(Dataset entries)
(* Let $\Omega\subset\mathbb{R}^d$ be open and connected, $\mathcal{I}=(0,T)$, and let $\mathbf{f}:\mathbb{R}\to\mathbb{R}^d$ be a smooth flux. Let $\phi:\Omega\times\mathcal{I}\to\mathbb{R}$ be a smooth solution of $\partial_t\phi+\nabla\cdot\mathbf{f}(\phi)=0$, and let $\eta:\mathbb{R}^d\to\mathbb{R}$ be a twice differentiable convex function, evaluated at $\nabla\phi$, i.e. $\eta=\eta(\nabla\phi)$. Then $$\partial_t\eta+\nabla\cdot\mathbf{q}=\mathscr{A},$$ where $$\mathbf{q}=\Big(\frac{\partial\eta}{\partial\nabla\phi}\cdot\nabla\phi\Big)\frac{\partial\mathbf{f}}{\partial\phi},\qquad \mathscr{A}=\big(\mathbf{H}_{\nabla\phi}\eta\,\nabla\phi\big)\cdot\Big(\mathbf{H}_{\mathbf{x}}\phi\,\frac{\partial\mathbf{f}}{\partial\phi}\Big).$$
   Context: $\frac{\partial\eta}{\partial\nabla\phi}\in\mathbb{R}^d$ denotes the gradient of $\eta$ with respect to its (vector) argument, evaluated at $\nabla\phi$; $\frac{\partial\mathbf{f}}{\partial\phi}=\mathbf{f}'(\phi)\in\mathbb{R}^d$. $(\mathbf{H}_{\mathbf{x}}\phi)_{mn}=\partial^2\phi/\partial x_m\partial x_n$ is the spatial Hessian of $\phi$ and $(\mathbf{H}_{\nabla\phi}\eta)_{mn}=\partial^2\eta/\partial(\nabla_m\phi)\partial(\nabla_n\phi)$ is the Hessian of $\eta$ with respect to its argument, evaluated at $\nabla\phi$. *)

theory Defs
  imports "HOL-Analysis.Analysis"
begin

fun pderivs :: "'a::euclidean_space list \<Rightarrow> ('a \<Rightarrow> real) \<Rightarrow> ('a \<Rightarrow> real)" where
  "pderivs [] g = g"
| "pderivs (v # vs) g = (\<lambda>x. frechet_derivative (pderivs vs g) (at x) v)"

definition smooth_on :: "'a::euclidean_space set \<Rightarrow> ('a \<Rightarrow> real) \<Rightarrow> bool" where
  "smooth_on S g \<longleftrightarrow> (\<forall>vs. set vs \<subseteq> Basis \<longrightarrow> pderivs vs g differentiable_on S)"

definition pd_x :: "'n::finite \<Rightarrow> ((real^'n) \<times> real \<Rightarrow> real) \<Rightarrow> (real^'n) \<times> real \<Rightarrow> real" where
  "pd_x i g p = frechet_derivative g (at p) (axis i 1, 0)"

definition pd_t :: "((real^'n::finite) \<times> real \<Rightarrow> real) \<Rightarrow> (real^'n) \<times> real \<Rightarrow> real" where
  "pd_t g p = frechet_derivative g (at p) (0, 1)"

definition grad_x :: "((real^'n::finite) \<times> real \<Rightarrow> real) \<Rightarrow> (real^'n) \<times> real \<Rightarrow> real^'n" where
  "grad_x g p = (\<chi> i. pd_x i g p)"

definition hess_x :: "((real^'n::finite) \<times> real \<Rightarrow> real) \<Rightarrow> (real^'n) \<times> real \<Rightarrow> real^'n^'n" where
  "hess_x g p = (\<chi> m n. pd_x n (pd_x m g) p)"

definition div_x :: "((real^'n::finite) \<times> real \<Rightarrow> real^'n) \<Rightarrow> (real^'n) \<times> real \<Rightarrow> real" where
  "div_x Q p = (\<Sum>i\<in>UNIV. pd_x i (\<lambda>q. Q q $ i) p)"

definition grad_v :: "(real^'n::finite \<Rightarrow> real) \<Rightarrow> real^'n \<Rightarrow> real^'n" where
  "grad_v e v = (\<chi> i. frechet_derivative e (at v) (axis i 1))"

| ASSIGNMENT |
For each line above that contains "lambda", add one to a count, then state only the final number.

| OUTPUT OF THE TASK |
2